### Records supplied ###

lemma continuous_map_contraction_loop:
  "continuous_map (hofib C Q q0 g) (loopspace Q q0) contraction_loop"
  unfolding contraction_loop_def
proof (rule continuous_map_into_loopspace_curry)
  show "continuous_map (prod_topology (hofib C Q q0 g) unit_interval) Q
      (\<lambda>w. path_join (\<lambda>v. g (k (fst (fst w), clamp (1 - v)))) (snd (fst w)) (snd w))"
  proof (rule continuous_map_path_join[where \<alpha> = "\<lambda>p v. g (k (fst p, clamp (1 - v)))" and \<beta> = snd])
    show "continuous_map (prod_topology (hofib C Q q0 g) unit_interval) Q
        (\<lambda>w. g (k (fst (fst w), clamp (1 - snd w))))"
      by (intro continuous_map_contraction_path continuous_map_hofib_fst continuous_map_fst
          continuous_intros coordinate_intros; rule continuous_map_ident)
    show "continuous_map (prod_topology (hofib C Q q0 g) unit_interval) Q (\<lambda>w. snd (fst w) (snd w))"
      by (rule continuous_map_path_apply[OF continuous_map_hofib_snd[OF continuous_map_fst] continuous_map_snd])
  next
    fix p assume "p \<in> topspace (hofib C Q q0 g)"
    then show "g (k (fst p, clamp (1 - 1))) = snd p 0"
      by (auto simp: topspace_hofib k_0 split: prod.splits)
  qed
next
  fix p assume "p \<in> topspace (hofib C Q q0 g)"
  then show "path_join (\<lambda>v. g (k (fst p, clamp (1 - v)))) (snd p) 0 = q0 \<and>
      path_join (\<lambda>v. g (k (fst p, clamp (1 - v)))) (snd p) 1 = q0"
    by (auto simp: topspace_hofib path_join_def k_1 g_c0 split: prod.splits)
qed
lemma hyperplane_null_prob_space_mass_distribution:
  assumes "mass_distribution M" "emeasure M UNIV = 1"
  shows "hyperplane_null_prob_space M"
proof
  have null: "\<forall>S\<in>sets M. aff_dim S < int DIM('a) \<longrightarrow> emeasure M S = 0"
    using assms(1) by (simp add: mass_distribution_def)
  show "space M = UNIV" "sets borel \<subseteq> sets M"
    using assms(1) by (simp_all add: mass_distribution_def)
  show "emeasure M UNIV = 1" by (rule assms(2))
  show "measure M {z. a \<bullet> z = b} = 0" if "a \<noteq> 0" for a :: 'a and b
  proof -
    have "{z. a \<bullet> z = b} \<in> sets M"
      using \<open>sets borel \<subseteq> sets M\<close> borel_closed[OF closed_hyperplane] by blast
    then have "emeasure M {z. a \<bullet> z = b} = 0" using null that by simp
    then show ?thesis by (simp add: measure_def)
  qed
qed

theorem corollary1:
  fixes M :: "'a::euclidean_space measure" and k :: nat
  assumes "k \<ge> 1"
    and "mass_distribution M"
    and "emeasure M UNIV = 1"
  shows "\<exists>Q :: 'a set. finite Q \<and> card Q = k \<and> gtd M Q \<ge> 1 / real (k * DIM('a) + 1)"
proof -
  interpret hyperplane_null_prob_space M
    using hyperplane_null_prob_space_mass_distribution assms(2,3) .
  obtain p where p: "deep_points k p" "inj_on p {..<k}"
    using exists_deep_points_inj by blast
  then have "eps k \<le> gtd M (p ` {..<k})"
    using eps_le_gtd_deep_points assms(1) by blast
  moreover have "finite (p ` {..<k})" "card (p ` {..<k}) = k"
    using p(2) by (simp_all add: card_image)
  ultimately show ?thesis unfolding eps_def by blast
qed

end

###
### Records supplied ###

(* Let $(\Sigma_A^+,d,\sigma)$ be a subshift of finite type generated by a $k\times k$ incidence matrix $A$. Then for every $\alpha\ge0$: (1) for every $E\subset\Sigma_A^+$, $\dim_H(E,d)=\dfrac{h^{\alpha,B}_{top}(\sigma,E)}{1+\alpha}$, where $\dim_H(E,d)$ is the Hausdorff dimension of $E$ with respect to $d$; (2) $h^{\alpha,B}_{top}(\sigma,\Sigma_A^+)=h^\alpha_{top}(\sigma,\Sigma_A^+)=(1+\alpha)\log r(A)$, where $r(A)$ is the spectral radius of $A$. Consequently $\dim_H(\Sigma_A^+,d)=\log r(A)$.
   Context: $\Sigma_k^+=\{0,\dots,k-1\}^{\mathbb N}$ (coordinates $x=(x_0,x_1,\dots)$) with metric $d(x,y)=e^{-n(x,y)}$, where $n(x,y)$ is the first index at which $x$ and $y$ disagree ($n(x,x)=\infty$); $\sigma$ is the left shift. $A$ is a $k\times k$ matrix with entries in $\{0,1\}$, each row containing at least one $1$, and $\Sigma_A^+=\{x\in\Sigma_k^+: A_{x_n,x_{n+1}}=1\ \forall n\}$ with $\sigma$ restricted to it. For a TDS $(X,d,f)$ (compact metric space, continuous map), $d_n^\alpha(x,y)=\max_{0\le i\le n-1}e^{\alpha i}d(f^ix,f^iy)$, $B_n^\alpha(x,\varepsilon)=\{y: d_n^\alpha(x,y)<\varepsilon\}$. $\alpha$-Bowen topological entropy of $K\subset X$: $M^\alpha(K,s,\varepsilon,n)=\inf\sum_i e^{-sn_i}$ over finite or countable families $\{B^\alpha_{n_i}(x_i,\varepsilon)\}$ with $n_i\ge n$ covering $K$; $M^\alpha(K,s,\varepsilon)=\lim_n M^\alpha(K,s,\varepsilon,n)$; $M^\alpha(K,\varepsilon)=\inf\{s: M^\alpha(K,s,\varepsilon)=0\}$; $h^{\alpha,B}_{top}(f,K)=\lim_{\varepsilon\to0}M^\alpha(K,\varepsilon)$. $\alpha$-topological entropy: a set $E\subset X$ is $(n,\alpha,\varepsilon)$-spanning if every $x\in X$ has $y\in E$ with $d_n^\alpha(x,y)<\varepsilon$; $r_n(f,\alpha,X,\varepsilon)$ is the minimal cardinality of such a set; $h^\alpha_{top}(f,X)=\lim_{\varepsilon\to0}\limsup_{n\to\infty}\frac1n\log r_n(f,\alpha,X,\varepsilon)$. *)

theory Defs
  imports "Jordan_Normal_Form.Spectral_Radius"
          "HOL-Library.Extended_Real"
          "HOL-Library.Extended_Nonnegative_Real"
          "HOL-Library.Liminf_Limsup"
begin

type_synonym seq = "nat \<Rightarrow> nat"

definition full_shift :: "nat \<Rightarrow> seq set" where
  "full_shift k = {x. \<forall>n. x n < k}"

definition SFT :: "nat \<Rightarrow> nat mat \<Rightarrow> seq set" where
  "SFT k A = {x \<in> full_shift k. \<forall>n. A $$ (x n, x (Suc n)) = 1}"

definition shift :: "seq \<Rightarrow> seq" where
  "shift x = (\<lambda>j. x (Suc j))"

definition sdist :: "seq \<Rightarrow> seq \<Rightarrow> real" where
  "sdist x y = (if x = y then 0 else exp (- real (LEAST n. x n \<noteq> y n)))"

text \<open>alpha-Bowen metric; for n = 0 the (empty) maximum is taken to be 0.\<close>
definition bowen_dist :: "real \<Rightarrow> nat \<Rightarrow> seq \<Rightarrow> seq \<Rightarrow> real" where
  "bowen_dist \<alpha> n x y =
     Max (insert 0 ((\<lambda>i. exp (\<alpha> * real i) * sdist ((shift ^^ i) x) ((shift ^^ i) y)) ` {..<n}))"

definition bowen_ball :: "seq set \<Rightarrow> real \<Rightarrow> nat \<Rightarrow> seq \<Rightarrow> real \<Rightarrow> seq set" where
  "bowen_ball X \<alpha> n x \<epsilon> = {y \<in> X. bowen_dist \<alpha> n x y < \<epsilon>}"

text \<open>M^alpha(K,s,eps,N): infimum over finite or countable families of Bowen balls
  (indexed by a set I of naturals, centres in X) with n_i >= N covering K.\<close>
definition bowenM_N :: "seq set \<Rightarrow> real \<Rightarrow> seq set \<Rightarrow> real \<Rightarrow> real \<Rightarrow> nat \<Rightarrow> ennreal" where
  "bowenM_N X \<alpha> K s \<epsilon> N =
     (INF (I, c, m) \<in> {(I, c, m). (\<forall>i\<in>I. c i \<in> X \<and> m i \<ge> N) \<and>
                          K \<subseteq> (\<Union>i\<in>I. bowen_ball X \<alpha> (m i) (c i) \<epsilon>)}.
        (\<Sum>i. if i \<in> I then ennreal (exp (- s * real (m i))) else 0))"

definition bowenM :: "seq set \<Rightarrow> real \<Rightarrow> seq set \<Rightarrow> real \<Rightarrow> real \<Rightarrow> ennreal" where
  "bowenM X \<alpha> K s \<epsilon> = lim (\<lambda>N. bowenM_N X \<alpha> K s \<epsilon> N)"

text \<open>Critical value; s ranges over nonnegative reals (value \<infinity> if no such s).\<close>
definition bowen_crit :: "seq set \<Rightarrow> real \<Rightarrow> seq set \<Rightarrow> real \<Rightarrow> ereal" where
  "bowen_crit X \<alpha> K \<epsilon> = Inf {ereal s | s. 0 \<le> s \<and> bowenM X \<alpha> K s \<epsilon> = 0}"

###
### Records supplied ###

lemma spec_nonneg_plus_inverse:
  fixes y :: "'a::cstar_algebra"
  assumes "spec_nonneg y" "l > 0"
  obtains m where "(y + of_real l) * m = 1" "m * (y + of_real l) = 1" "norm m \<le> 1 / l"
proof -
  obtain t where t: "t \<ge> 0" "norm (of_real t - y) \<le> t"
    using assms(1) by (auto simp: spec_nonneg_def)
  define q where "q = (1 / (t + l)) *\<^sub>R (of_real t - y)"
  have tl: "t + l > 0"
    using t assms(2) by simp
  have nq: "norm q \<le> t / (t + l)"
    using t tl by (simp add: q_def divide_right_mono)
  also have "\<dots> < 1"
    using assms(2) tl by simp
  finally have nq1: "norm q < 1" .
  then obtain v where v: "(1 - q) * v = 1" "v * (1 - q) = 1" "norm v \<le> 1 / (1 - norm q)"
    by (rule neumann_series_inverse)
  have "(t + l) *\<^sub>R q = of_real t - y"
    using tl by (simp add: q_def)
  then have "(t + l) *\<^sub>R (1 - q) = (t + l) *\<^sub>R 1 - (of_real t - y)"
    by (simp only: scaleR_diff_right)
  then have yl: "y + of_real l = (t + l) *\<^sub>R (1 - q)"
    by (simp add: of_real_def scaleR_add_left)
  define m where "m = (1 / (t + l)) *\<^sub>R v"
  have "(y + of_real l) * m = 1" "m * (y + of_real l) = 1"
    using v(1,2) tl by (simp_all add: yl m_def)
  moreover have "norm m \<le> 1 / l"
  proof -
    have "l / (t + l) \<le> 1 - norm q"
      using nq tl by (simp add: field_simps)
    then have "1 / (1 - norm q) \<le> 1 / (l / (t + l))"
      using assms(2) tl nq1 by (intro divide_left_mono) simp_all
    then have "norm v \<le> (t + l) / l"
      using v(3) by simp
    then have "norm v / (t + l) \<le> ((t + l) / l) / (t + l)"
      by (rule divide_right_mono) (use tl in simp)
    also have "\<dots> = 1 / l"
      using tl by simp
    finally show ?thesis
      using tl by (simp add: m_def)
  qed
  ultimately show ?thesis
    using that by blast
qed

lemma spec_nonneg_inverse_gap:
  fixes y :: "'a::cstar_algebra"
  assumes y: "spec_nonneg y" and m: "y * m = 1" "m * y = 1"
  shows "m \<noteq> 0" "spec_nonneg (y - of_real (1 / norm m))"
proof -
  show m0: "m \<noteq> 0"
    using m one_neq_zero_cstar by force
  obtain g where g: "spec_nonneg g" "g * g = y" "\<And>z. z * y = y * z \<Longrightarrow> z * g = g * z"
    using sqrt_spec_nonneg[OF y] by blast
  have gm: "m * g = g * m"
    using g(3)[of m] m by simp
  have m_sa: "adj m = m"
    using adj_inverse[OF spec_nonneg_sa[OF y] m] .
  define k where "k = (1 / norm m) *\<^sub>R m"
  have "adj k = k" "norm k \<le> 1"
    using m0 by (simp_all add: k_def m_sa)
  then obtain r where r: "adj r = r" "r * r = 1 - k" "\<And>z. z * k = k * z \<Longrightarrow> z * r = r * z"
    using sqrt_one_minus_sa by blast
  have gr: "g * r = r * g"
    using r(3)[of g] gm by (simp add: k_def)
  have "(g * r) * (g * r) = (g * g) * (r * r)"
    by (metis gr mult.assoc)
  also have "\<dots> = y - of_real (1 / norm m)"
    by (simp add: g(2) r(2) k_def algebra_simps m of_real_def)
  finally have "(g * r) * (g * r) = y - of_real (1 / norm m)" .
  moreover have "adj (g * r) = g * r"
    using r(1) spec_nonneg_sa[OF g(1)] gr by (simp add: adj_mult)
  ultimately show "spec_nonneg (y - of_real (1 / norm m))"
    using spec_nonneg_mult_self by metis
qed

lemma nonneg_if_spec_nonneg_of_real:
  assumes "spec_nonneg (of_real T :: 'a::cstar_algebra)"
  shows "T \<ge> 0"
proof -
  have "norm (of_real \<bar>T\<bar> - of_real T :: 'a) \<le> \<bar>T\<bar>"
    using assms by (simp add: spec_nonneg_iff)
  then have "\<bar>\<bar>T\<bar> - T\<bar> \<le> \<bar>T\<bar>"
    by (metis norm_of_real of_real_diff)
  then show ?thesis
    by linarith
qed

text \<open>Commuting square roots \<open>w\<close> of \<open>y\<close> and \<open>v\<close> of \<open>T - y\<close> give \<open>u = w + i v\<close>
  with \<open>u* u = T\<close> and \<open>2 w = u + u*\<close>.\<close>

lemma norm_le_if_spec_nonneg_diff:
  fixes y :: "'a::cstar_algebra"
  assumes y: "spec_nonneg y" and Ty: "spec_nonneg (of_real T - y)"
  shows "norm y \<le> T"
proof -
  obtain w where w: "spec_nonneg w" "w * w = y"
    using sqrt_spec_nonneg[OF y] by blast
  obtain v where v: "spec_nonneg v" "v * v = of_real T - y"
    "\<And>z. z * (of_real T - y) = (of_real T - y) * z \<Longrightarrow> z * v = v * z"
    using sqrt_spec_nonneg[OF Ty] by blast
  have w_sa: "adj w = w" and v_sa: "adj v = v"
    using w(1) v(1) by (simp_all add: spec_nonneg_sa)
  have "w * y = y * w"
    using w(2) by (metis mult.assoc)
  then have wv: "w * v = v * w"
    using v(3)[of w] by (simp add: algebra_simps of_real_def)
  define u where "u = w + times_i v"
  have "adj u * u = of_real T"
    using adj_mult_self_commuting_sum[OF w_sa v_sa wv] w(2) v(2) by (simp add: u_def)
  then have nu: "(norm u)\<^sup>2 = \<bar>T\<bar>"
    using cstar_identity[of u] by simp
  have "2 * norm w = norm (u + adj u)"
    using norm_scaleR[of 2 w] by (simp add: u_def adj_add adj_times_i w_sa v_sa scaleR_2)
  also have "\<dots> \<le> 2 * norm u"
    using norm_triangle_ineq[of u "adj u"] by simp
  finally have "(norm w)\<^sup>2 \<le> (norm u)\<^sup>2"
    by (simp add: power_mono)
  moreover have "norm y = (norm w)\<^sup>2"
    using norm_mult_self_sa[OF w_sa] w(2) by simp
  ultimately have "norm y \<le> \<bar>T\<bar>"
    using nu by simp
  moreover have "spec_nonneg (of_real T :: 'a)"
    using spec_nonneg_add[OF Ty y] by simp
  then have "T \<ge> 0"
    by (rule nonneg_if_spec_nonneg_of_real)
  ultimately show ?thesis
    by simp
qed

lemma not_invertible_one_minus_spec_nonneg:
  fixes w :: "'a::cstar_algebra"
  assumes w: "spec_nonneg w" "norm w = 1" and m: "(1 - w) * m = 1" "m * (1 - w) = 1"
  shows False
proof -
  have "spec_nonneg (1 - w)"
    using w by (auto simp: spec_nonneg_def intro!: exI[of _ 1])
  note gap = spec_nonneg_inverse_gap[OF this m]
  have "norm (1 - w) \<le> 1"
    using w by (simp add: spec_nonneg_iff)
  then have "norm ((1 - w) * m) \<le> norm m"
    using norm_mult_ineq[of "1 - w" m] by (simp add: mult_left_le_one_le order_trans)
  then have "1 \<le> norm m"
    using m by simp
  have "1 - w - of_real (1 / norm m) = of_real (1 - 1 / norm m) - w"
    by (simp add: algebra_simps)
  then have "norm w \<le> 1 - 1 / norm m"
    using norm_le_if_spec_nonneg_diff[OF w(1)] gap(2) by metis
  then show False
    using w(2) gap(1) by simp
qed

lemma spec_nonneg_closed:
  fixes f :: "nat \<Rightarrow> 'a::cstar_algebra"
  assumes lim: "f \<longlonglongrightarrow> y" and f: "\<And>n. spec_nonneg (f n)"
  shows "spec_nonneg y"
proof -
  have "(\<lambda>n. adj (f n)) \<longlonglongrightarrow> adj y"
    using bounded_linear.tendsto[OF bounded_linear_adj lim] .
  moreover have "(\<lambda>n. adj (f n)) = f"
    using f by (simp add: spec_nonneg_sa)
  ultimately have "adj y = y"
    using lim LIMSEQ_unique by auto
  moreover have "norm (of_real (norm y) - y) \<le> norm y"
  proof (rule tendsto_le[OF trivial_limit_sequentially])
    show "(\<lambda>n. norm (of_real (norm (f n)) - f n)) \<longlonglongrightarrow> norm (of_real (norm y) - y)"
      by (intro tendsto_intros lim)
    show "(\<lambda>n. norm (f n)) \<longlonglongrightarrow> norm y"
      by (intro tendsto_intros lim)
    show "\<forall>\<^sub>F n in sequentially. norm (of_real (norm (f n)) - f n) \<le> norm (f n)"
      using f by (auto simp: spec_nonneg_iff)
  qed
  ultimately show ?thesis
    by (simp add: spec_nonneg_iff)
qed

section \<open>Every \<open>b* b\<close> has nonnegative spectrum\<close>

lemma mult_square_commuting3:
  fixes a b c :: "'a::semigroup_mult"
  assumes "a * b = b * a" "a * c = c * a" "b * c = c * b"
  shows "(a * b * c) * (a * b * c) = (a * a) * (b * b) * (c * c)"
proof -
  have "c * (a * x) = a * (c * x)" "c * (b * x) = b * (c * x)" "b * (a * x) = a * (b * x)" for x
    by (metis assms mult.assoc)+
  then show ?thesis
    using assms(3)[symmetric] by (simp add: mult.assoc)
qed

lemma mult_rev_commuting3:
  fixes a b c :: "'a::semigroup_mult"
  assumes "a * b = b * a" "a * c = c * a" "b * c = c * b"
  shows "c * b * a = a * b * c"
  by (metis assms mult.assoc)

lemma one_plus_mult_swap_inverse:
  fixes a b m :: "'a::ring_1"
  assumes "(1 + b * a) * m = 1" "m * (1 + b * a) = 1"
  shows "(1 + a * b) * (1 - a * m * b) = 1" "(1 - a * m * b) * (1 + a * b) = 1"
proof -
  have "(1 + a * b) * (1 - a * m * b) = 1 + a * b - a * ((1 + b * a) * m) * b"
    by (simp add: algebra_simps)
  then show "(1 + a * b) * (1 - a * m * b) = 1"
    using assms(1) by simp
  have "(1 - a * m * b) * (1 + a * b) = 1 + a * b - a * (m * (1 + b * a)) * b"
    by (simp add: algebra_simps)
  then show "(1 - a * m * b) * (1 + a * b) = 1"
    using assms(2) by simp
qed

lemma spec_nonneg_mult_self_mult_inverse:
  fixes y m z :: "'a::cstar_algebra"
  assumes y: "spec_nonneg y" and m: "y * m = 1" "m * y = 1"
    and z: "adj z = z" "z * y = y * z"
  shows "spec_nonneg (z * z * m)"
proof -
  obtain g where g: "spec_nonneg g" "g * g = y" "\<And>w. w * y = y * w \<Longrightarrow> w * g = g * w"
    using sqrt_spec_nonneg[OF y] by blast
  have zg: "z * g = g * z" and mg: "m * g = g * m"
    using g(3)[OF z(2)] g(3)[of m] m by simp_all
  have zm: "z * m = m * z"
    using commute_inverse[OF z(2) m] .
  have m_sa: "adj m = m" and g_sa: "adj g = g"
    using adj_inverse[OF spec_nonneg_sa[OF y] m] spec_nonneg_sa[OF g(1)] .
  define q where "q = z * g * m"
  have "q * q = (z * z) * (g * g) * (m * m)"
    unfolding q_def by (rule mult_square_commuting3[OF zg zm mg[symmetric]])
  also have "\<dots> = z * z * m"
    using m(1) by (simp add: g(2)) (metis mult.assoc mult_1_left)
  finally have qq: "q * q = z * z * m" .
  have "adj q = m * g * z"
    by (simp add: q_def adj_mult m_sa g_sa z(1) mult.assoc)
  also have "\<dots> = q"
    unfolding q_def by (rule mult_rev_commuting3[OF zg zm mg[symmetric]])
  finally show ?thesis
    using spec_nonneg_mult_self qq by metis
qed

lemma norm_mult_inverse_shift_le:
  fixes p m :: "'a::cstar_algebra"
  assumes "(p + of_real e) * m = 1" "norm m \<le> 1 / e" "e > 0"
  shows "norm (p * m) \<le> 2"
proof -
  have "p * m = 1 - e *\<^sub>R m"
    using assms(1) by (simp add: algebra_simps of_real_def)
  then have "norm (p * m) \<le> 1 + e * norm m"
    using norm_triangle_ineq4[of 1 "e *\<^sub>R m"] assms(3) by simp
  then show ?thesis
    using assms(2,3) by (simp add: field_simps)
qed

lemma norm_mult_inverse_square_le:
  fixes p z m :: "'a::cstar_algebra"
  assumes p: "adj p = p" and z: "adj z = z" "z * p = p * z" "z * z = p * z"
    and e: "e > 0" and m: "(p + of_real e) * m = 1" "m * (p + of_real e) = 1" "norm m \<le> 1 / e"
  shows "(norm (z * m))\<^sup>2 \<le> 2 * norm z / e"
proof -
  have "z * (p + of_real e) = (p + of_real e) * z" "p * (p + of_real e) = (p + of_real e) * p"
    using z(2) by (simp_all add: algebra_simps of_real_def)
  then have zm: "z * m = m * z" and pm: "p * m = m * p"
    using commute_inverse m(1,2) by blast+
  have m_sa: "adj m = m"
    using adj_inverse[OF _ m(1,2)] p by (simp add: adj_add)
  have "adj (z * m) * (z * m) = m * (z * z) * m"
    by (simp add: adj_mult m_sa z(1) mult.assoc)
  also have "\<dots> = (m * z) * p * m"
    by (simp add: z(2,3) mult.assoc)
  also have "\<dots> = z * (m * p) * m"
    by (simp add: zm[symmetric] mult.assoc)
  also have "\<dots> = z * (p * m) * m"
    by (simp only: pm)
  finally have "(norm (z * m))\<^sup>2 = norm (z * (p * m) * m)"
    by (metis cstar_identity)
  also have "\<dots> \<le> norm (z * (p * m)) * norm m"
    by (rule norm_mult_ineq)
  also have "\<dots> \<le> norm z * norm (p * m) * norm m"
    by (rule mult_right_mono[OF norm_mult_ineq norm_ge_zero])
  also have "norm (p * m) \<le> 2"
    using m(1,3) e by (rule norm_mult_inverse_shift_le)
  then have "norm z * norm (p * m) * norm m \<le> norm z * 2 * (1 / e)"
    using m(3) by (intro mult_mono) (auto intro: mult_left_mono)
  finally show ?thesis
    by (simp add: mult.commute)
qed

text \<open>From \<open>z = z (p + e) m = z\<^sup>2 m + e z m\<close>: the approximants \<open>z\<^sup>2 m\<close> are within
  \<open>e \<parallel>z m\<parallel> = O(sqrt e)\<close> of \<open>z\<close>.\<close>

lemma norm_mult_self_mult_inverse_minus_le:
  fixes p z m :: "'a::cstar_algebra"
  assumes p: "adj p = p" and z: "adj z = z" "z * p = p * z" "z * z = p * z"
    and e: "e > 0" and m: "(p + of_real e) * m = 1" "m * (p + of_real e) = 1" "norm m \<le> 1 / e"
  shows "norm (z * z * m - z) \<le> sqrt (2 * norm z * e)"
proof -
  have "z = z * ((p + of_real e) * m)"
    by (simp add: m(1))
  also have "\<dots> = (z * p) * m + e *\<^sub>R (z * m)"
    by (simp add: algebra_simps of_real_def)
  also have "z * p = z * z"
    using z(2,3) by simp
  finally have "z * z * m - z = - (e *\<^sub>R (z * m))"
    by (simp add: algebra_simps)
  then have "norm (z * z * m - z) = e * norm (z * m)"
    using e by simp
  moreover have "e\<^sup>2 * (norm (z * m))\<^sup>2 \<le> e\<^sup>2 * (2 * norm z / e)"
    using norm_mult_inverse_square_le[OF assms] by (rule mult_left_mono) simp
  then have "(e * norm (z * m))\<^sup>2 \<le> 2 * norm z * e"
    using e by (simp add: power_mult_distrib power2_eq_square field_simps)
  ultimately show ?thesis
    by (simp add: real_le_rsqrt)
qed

###

# About this exercise
Going back to the entries above, set down exactly the lines that begin at the one with "K \<subseteq> (\<Union>i\<in>I." and end at the one with "s \<and> bowenM", both included, and nothing else.

# Response to the exercise
                          K \<subseteq> (\<Union>i\<in>I. bowen_ball X \<alpha> (m i) (c i) \<epsilon>)}.
        (\<Sum>i. if i \<in> I then ennreal (exp (- s * real (m i))) else 0))"

definition bowenM :: "seq set \<Rightarrow> real \<Rightarrow> seq set \<Rightarrow> real \<Rightarrow> real \<Rightarrow> ennreal" where
  "bowenM X \<alpha> K s \<epsilon> = lim (\<lambda>N. bowenM_N X \<alpha> K s \<epsilon> N)"

text \<open>Critical value; s ranges over nonnegative reals (value \<infinity> if no such s).\<close>
definition bowen_crit :: "seq set \<Rightarrow> real \<Rightarrow> seq set \<Rightarrow> real \<Rightarrow> ereal" where
  "bowen_crit X \<alpha> K \<epsilon> = Inf {ereal s | s. 0 \<le> s \<and> bowenM X \<alpha> K s \<epsilon> = 0}"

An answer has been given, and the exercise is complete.